Does a policy's Blanket Additional Insured Endorsement bar primary coverage for an additional insured with a policy of its own? Although the court answered yes in Kummer Enter., Inc. v. HBE Corp., No. 1:09-cv-109, 2010 U.S. Dist. LEXIS 6403 (W.D. Mich. Jan. 27, 2010), it nevertheless determined the additional insured was entitled to a defense under the policy.
Plaintiff was awarded a general contract to build an addition to a medical building. WPM, Inc. was retained as a subcontractor to excavate the basement for the addition. Under the subcontract, WPM agreed to indemnify Plaintiff for WPM's failure to maintain safe working conditions. WPM was also required to obtain comprehensive general liability insurance naming Plaintiff as an "additional insured."
Subsequently, a WPM employee was injured. The employee sued Plaintiff, who filed a third-party complaint against WPM seeking indemnification.
After coverage for defense and indemnity was denied, Plaintiff sued the insurer. The court agreed Plaintiff was an additional insured under the policy. The policy's Blanket Additional Insured Endorsement, however, limited coverage under two provisions: (1) the "Your Negligence" provision contained in Section B (1); and (2) the "Excess Insurance" provision contained in Section C (2).
The Section B (1) provision stated a person or organization was an additional insured "solely for liability due to your negligence specifically resulting from 'your work' for the additional insured." In the underlying suit, there was a possibility that Plaintiff could be held liable for the negligence of WPM. For example, the jury could determine that WPM's assumed responsibility for the safety of its workers, but still assess liability against Plaintiff. Therefore, the B (1) limitation did not preclude Plaintiff's summary judgment claim for a defense.

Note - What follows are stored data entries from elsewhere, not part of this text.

lemma sum_fun_apply: "sum f A (i::nat) = (\<Sum>x\<in>A. f x i)"
  by (induction A rule: infinite_finite_induct) auto

lemma subspace_fvec: "F.subspace (fvec n)"
  unfolding F.subspace_def fvec_def by auto

definition unit_vec :: "nat \<Rightarrow> nat \<Rightarrow> 'a::comm_ring_1" where
  "unit_vec j = (\<lambda>i. if i = j then 1 else 0)"

lemma unit_vec_in_fvec: "j < n \<Longrightarrow> unit_vec j \<in> fvec n"
  by (auto simp: unit_vec_def fvec_def)

lemma lmap_unit_vec_eq: "c \<in> fvec n \<Longrightarrow> lmap fscale n unit_vec c = c"
  by (auto simp: lmap_def sum_fun_apply unit_vec_def fvec_def if_distrib cong: if_cong)

lemma lmap_cong: "(\<And>i. i < n \<Longrightarrow> g i = g' i) \<Longrightarrow> lmap sc n g c = lmap sc n g' c"
  unfolding lmap_def by (rule sum.cong) auto

lemma lmap_in_fvec: "(\<And>i. i < n \<Longrightarrow> b i \<in> fvec k) \<Longrightarrow> lmap fscale n b c \<in> fvec k"
  unfolding lmap_def by (intro F.subspace_sum[OF subspace_fvec] F.subspace_scale[OF subspace_fvec]) auto

lemma ex_lmap_preimages:
  assumes "\<And>i. i < n \<Longrightarrow> y i \<in> lmap sc k h ` fvec k"
  shows "\<exists>b. \<forall>i<n. b i \<in> fvec k \<and> lmap sc k h (b i) = y i"
proof -
  have "\<forall>i\<in>{..<n}. \<exists>c. c \<in> fvec k \<and> lmap sc k h c = y i"
    using assms by (metis imageE lessThan_iff)
  then show ?thesis
    using bchoice[of "{..<n}"] by (metis lessThan_iff)
qed

context module
begin

lemma mspan_eq_span: "mspan scale = span"
  by (rule ext) (simp add: mspan_def span_explicit)

lemma module_hom_lmap: "module_hom fscale scale (lmap scale n g)"
  unfolding module_hom_iff
  using F.module_axioms module_axioms
  by (auto simp: lmap_def scale_left_distrib sum.distrib scale_sum_right)

lemma lmap_unit_vec: "j < n \<Longrightarrow> lmap scale n g (unit_vec j) = g j"
proof -
  assume "j < n"
  have "lmap scale n g (unit_vec j) = (\<Sum>i<n. if i = j then g i else 0)"
    unfolding lmap_def unit_vec_def by (rule sum.cong) auto
  with \<open>j < n\<close> show ?thesis
    by simp
qed

lemma module_hom_lmap_eq:
  assumes "module_hom fscale scale f"
  shows "f (lmap fscale n b c) = lmap scale n (\<lambda>i. f (b i)) c"
  unfolding lmap_def by (simp add: module_hom.sum[OF assms] module_hom.scale[OF assms])

lemma lmap_lmap_eq:
  assumes "\<And>i. i < n \<Longrightarrow> lmap scale k h (b i) = y i"
  shows "lmap scale k h (lmap fscale n b c) = lmap scale n y c"
  unfolding module_hom_lmap_eq[OF module_hom_lmap] by (rule lmap_cong) (use assms in blast)

lemma lmap_add: "lmap scale n (\<lambda>i. g i + g' i) c = lmap scale n g c + lmap scale n g' c"
  unfolding lmap_def by (simp add: scale_right_distrib sum.distrib)

lemma lmap_scale: "lmap scale n (\<lambda>i. s *s g i) c = s *s lmap scale n g c"
  unfolding lmap_def by (simp add: scale_sum_right mult.commute)

lemma lmap_in_span: "lmap scale n g c \<in> span (g ` {..<n})"
  unfolding lmap_def by (intro span_sum span_scale span_base) auto

lemma subspace_lker: "F.subspace (lker scale n g)"
proof -
  interpret module_hom fscale scale "lmap scale n g"
    by (rule module_hom_lmap)
  have "lker scale n g = fvec n \<inter> {c. lmap scale n g c = 0}"
    unfolding lker_def by auto
  then show ?thesis
    using F.subspace_inter[OF subspace_fvec subspace_kernel] by simp
qed

lemma lmap_image_fvec: "lmap scale n g ` fvec n = span (g ` {..<n})"
proof
  interpret module_hom fscale scale "lmap scale n g"
    by (rule module_hom_lmap)
  show "span (g ` {..<n}) \<subseteq> lmap scale n g ` fvec n"
  proof (rule span_minimal)
    show "g ` {..<n} \<subseteq> lmap scale n g ` fvec n"
    proof (rule image_subsetI)
      fix j assume "j \<in> {..<n}"
      then show "g j \<in> lmap scale n g ` fvec n"
        by (metis image_eqI lessThan_iff lmap_unit_vec unit_vec_in_fvec)
    qed
  qed (rule subspace_image[OF subspace_fvec])
qed (use lmap_in_span in auto)

lemma fin_gen_imp_lmap_onto:
  assumes "fin_gen scale N"
  obtains k h where "\<And>j. j < k \<Longrightarrow> h j \<in> N" "lmap scale k h ` fvec k = N"
proof -
  obtain H where H: "finite H" "H \<subseteq> N" "span H = N"
    using assms unfolding fin_gen_def mspan_eq_span by blast
  obtain k and h :: "nat \<Rightarrow> 'b" where "H = h ` {i. i < k}"
    using finite_imp_nat_seg_image_inj_on[OF H(1)] by blast
  then have "H = h ` {..<k}"
    by (simp add: lessThan_def)
  show ?thesis
  proof (rule that)
    show "\<And>j. j < k \<Longrightarrow> h j \<in> N"
      using H(2) \<open>H = h ` {..<k}\<close> by blast
    show "lmap scale k h ` fvec k = N"
      using H(3) \<open>H = h ` {..<k}\<close> lmap_image_fvec by simp
  qed
qed
text \<open>Future of x in T: the oriented edges of the T-path from x to the root
(the edges of T whose tail is reachable from x along T).\<close>
definition future :: "('e \<Rightarrow> 'v \<times> 'v) \<Rightarrow> 'e oedge set \<Rightarrow> 'v \<Rightarrow> 'e oedge set" where
  "future ends T x = {a \<in> T. (x, otail ends a) \<in> (arc_rel ends T)\<^sup>*}"

definition future_vertices :: "('e \<Rightarrow> 'v \<times> 'v) \<Rightarrow> 'e oedge set \<Rightarrow> 'v \<Rightarrow> 'v set" where
  "future_vertices ends T x = {y. (x, y) \<in> (arc_rel ends T)\<^sup>*}"

definition meet :: "('e \<Rightarrow> 'v \<times> 'v) \<Rightarrow> 'e oedge set \<Rightarrow> 'v \<Rightarrow> 'v \<Rightarrow> 'v" where
  "meet ends T u v = (THE z. z \<in> future_vertices ends T u \<inter> future_vertices ends T v \<and>
      (\<forall>y \<in> future_vertices ends T u \<inter> future_vertices ends T v.
          (z, y) \<in> (arc_rel ends T)\<^sup>*))"

definition Sigma_set :: "('e \<Rightarrow> 'v \<times> 'v) \<Rightarrow> 'e oedge set \<Rightarrow> 'v \<Rightarrow> 'v \<Rightarrow> 'v set" where
  "Sigma_set ends T u v =
     (\<Union>a \<in> (future ends T u \<union> future ends T v) - (future ends T u \<inter> future ends T v).
        {otail ends a, ohead ends a}) - {meet ends T u v}"

end

theory Submission
  imports Defs
begin

text \<open>
Let \<open>T' = T\<^sup>* - e\<^sub>1 + e\<^sub>2\<close> and let \<open>P\<close> be the set of oriented edges whose weight is raised.
Since \<open>v\<close> is not on the future of \<open>u\<close>, \<open>T'\<close> is an arborescence, and
\<open>w'(T') = w(T\<^sup>*) - w(e\<^sub>1) + w(e\<^sub>2)\<close>. An arborescence using an edge of \<open>P\<close> costs at least
\<open>M\<^sub>\<Sigma> \<ge> w(e\<^sub>2) - w(e\<^sub>1)\<close> more under \<open>w'\<close> than under \<open>w\<close>, so it is no better than \<open>T'\<close>.
An arborescence \<open>S\<close> avoiding \<open>P\<close> has \<open>w'(S) = w(S)\<close>; it must use \<open>e\<^sub>2\<close> at \<open>v\<close> and the
edge of \<open>T\<^sup>*\<close> at every other vertex of \<open>\<Sigma>\<close>. Hence the \<open>T\<^sup>*\<close>-paths from \<open>u\<close> and from the
head of \<open>e\<^sub>1\<close> to \<open>u \<and> v\<close> are paths of \<open>S - e\<^sub>2\<close>, which makes \<open>S - e\<^sub>2 + e\<^sub>1\<close> an
arborescence, and minimality of \<open>T\<^sup>*\<close> gives \<open>w(S) \<ge> w'(T')\<close>.
Only minimality is claimed.
\<close>

lemma arc_rel_iff: "(p, q) \<in> arc_rel ends T \<longleftrightarrow> (\<exists>a\<in>T. otail ends a = p \<and> ohead ends a = q)"
  unfolding arc_rel_def by blast

lemma arc_relI: "a \<in> T \<Longrightarrow> (otail ends a, ohead ends a) \<in> arc_rel ends T"
  unfolding arc_rel_def by blast

lemma arc_rel_insert: "arc_rel ends (insert a T) = insert (otail ends a, ohead ends a) (arc_rel ends T)"
  unfolding arc_rel_def by blast

lemma arc_rel_mono: "T \<subseteq> T' \<Longrightarrow> arc_rel ends T \<subseteq> arc_rel ends T'"
  unfolding arc_rel_def by blast

lemma finite_arc_rel:
  assumes "finite T"
  shows "finite (arc_rel ends T)"
proof -
  have "arc_rel ends T = (\<lambda>a. (otail ends a, ohead ends a)) ` T"
    unfolding arc_rel_def by blast
  then show ?thesis using assms by simp
qed

lemma finite_oedges: "finite E \<Longrightarrow> finite (oedges E)"
  unfolding oedges_def by simp

lemma oedge_ends:
  assumes "multigraph_no_loops V E ends" "a \<in> oedges E"
  shows "otail ends a \<in> V" "ohead ends a \<in> V" "otail ends a \<noteq> ohead ends a"
  using assms unfolding multigraph_no_loops_def oedges_def otail_def ohead_def
  by (auto split: if_splits)

section \<open>Spanning arborescences\<close>

context
  fixes V :: "'v set" and E :: "'e set" and ends :: "'e \<Rightarrow> 'v \<times> 'v" and r :: 'v
    and T :: "'e oedge set"
  assumes graph: "multigraph_no_loops V E ends"
    and sa: "spanning_arborescence V E ends r T"
begin
(* Let $R=k[t,t^{-1}]$ and $\mathcal R=(R,d/dt)$, and let $\mathcal A_1,\mathcal A_2$ be $\mathcal R$-conformal superalgebras such that the canonical maps $R\to\mathrm{Ctd}_k(\mathcal A_i)$, $r\mapsto r_{\mathcal A_i}$, are $k$-algebra isomorphisms for $i=1,2$. Then $\mathcal A_1\cong\mathcal A_2$ as $k$-conformal superalgebras if and only if $\mathcal A_1\cong\mathcal A_2$ as $\mathcal R$-conformal superalgebras.
   Context: Let $k$ be a field of characteristic $0$. An $\mathcal R$-conformal superalgebra (for $\mathcal R=(R,\delta_R)$, $R$ a commutative unital $k$-algebra with $k$-linear derivation $\delta_R$) is a $\mathbb Z/2\mathbb Z$-graded $R$-module $\mathcal A$ with parity-preserving $k$-linear $\partial_{\mathcal A}$ and $k$-bilinear products $a_{(n)}b$ ($n\in\mathbb Z_+$) satisfying: $a_{(n)}b=0$ for $n\gg0$; $(\partial_{\mathcal A}a)_{(n)}b=-na_{(n-1)}b$, $a_{(n)}\partial_{\mathcal A}b=\partial_{\mathcal A}(a_{(n)}b)+na_{(n-1)}b$; $\partial_{\mathcal A}(ra)=r\partial_{\mathcal A}a+\delta_R(r)a$; $a_{(n)}(rb)=r(a_{(n)}b)$, $(ra)_{(n)}b=\sum_j\frac1{j!}\delta_R^j(r)(a_{(n+j)}b)$. Homomorphisms: even $R$-linear maps preserving $n$-products and commuting with $\partial$. $k$-conformal means over $(k,0)$; restriction of scalars makes $\mathcal R$-conformal superalgebras $k$-conformal. $\mathrm{Ctd}_k(\mathcal A)$ is the set of even $k$-linear endomorphisms $\chi$ with $\chi(a_{(n)}b)=a_{(n)}\chi(b)$ for all $a,b,n$; $r_{\mathcal A}$ is $a\mapsto ra$. *)

theory Defs
  imports Main "HOL-Computational_Algebra.Formal_Laurent_Series"
begin

text \<open>The ring R = k[t,t^-1] of Laurent polynomials, realised inside the formal
Laurent series: the series with finitely many nonzero coefficients.  The field k is realised as the constant series.\<close>

definition laurent_polys :: "'k::field fls set" where
  "laurent_polys = {f. finite {n. fls_nth f n \<noteq> 0}}"

definition const_scalars :: "'k::field fls set" where
  "const_scalars = range fls_const"

record ('r, 'a) cstruct =
  smul  :: "'r \<Rightarrow> 'a \<Rightarrow> 'a"
  evp   :: "'a set"
  odp   :: "'a set"
  der   :: "'a \<Rightarrow> 'a"
  nprod :: "nat \<Rightarrow> 'a \<Rightarrow> 'a \<Rightarrow> 'a"

definition submodule_of :: "'k::field fls set \<Rightarrow> ('k fls \<Rightarrow> 'a \<Rightarrow> 'a) \<Rightarrow> 'a::ab_group_add set \<Rightarrow> bool" where
  "submodule_of S sm V \<longleftrightarrow> 0 \<in> V \<and> (\<forall>x\<in>V. \<forall>y\<in>V. x + y \<in> V) \<and> (\<forall>x\<in>V. - x \<in> V)
     \<and> (\<forall>r\<in>S. \<forall>x\<in>V. sm r x \<in> V)"

text \<open>An (S,\<delta>)-conformal superalgebra, where S is a commutative subring of the
Laurent series (S = laurent_polys with \<delta> = fls_deriv gives R-conformal
superalgebras; S = const_scalars with \<delta> = 0 gives k-conformal ones).
k-linearity means linearity w.r.t. the constant scalars fls_const c.\<close>

definition conformal_superalgebra ::
  "'k::field_char_0 fls set \<Rightarrow> ('k fls \<Rightarrow> 'k fls) \<Rightarrow> ('k fls, 'a::ab_group_add) cstruct \<Rightarrow> bool" where
  "conformal_superalgebra S \<delta> A \<longleftrightarrow>
     \<comment> \<open>S-module\<close>
     (\<forall>r\<in>S. \<forall>a b. smul A r (a + b) = smul A r a + smul A r b) \<and>
     (\<forall>r\<in>S. \<forall>s\<in>S. \<forall>a. smul A (r + s) a = smul A r a + smul A s a) \<and>
     (\<forall>r\<in>S. \<forall>s\<in>S. \<forall>a. smul A (r * s) a = smul A r (smul A s a)) \<and>
     (\<forall>a. smul A 1 a = a) \<and>
     \<comment> \<open>Z/2Z-grading as a direct sum of submodules\<close>
     submodule_of S (smul A) (evp A) \<and> submodule_of S (smul A) (odp A) \<and>
     evp A \<inter> odp A = {0} \<and> (\<forall>a. \<exists>x\<in>evp A. \<exists>y\<in>odp A. a = x + y) \<and>
     \<comment> \<open>\<partial> parity preserving and k-linear\<close>
     der A ` evp A \<subseteq> evp A \<and> der A ` odp A \<subseteq> odp A \<and>
     (\<forall>a b. der A (a + b) = der A a + der A b) \<and>
     (\<forall>c a. der A (smul A (fls_const c) a) = smul A (fls_const c) (der A a)) \<and>
     \<comment> \<open>n-products k-bilinear\<close>
     (\<forall>n a b c. nprod A n (a + b) c = nprod A n a c + nprod A n b c) \<and>
     (\<forall>n a b c. nprod A n a (b + c) = nprod A n a b + nprod A n a c) \<and>
     (\<forall>n x a b. nprod A n (smul A (fls_const x) a) b = smul A (fls_const x) (nprod A n a b)) \<and>
     (\<forall>n x a b. nprod A n a (smul A (fls_const x) b) = smul A (fls_const x) (nprod A n a b)) \<and>
     \<comment> \<open>locality\<close>
     (\<forall>a b. \<exists>N. \<forall>n\<ge>N. nprod A n a b = 0) \<and>
     \<comment> \<open>(\<partial>a)_(n) b = - n a_(n-1) b   and   a_(n) \<partial>b = \<partial>(a_(n) b) + n a_(n-1) b
         (for n = 0 the terms with the factor n vanish)\<close>
     (\<forall>n a b. nprod A n (der A a) b = - smul A (of_nat n) (nprod A (n - 1) a b)) \<and>
     (\<forall>n a b. nprod A n a (der A b) = der A (nprod A n a b) + smul A (of_nat n) (nprod A (n - 1) a b)) \<and>
     \<comment> \<open>\<partial>(ra) = r \<partial>a + \<delta>(r) a\<close>
     (\<forall>r\<in>S. \<forall>a. der A (smul A r a) = smul A r (der A a) + smul A (\<delta> r) a) \<and>
     \<comment> \<open>a_(n)(rb) = r (a_(n) b)\<close>
     (\<forall>r\<in>S. \<forall>n a b. nprod A n a (smul A r b) = smul A r (nprod A n a b)) \<and>
     \<comment> \<open>(ra)_(n) b = \<Sum>_j (1/j!) \<delta>^j(r) (a_(n+j) b), a finite sum by locality\<close>
     (\<forall>r\<in>S. \<forall>n a b N. (\<forall>m\<ge>N. nprod A m a b = 0) \<longrightarrow>
        nprod A n (smul A r a) b =
          (\<Sum>j<N. smul A (fls_const (1 / fact j) * (\<delta> ^^ j) r) (nprod A (n + j) a b)))"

The Section C (2) provision stated the insurance was excess of any other policy held by the additional insured unless a written agreement specifically required that this policy was a primary policy. In a majority of jurisdictions, this provision required that the written agreement explicitly state that an additional insured's coverage would be primary before extending coverage to the additional insured. Here, neither the subcontract, the certificate of insurance, nor any other document satisfied this requirement. Consequently, the insurance available to Plaintiff as an additional insured was excess of any other policy Plaintiff might have.
Nevertheless, there was no evidence that other policies existed which could provide primary coverage for the employee's claim. Therefore, the C (2) limitation left open the possibility that damages assessed against Plaintiff in the underlying suit would be covered by the policy. Again, Plaintiff was entitled to summary judgment on its claim for a defense.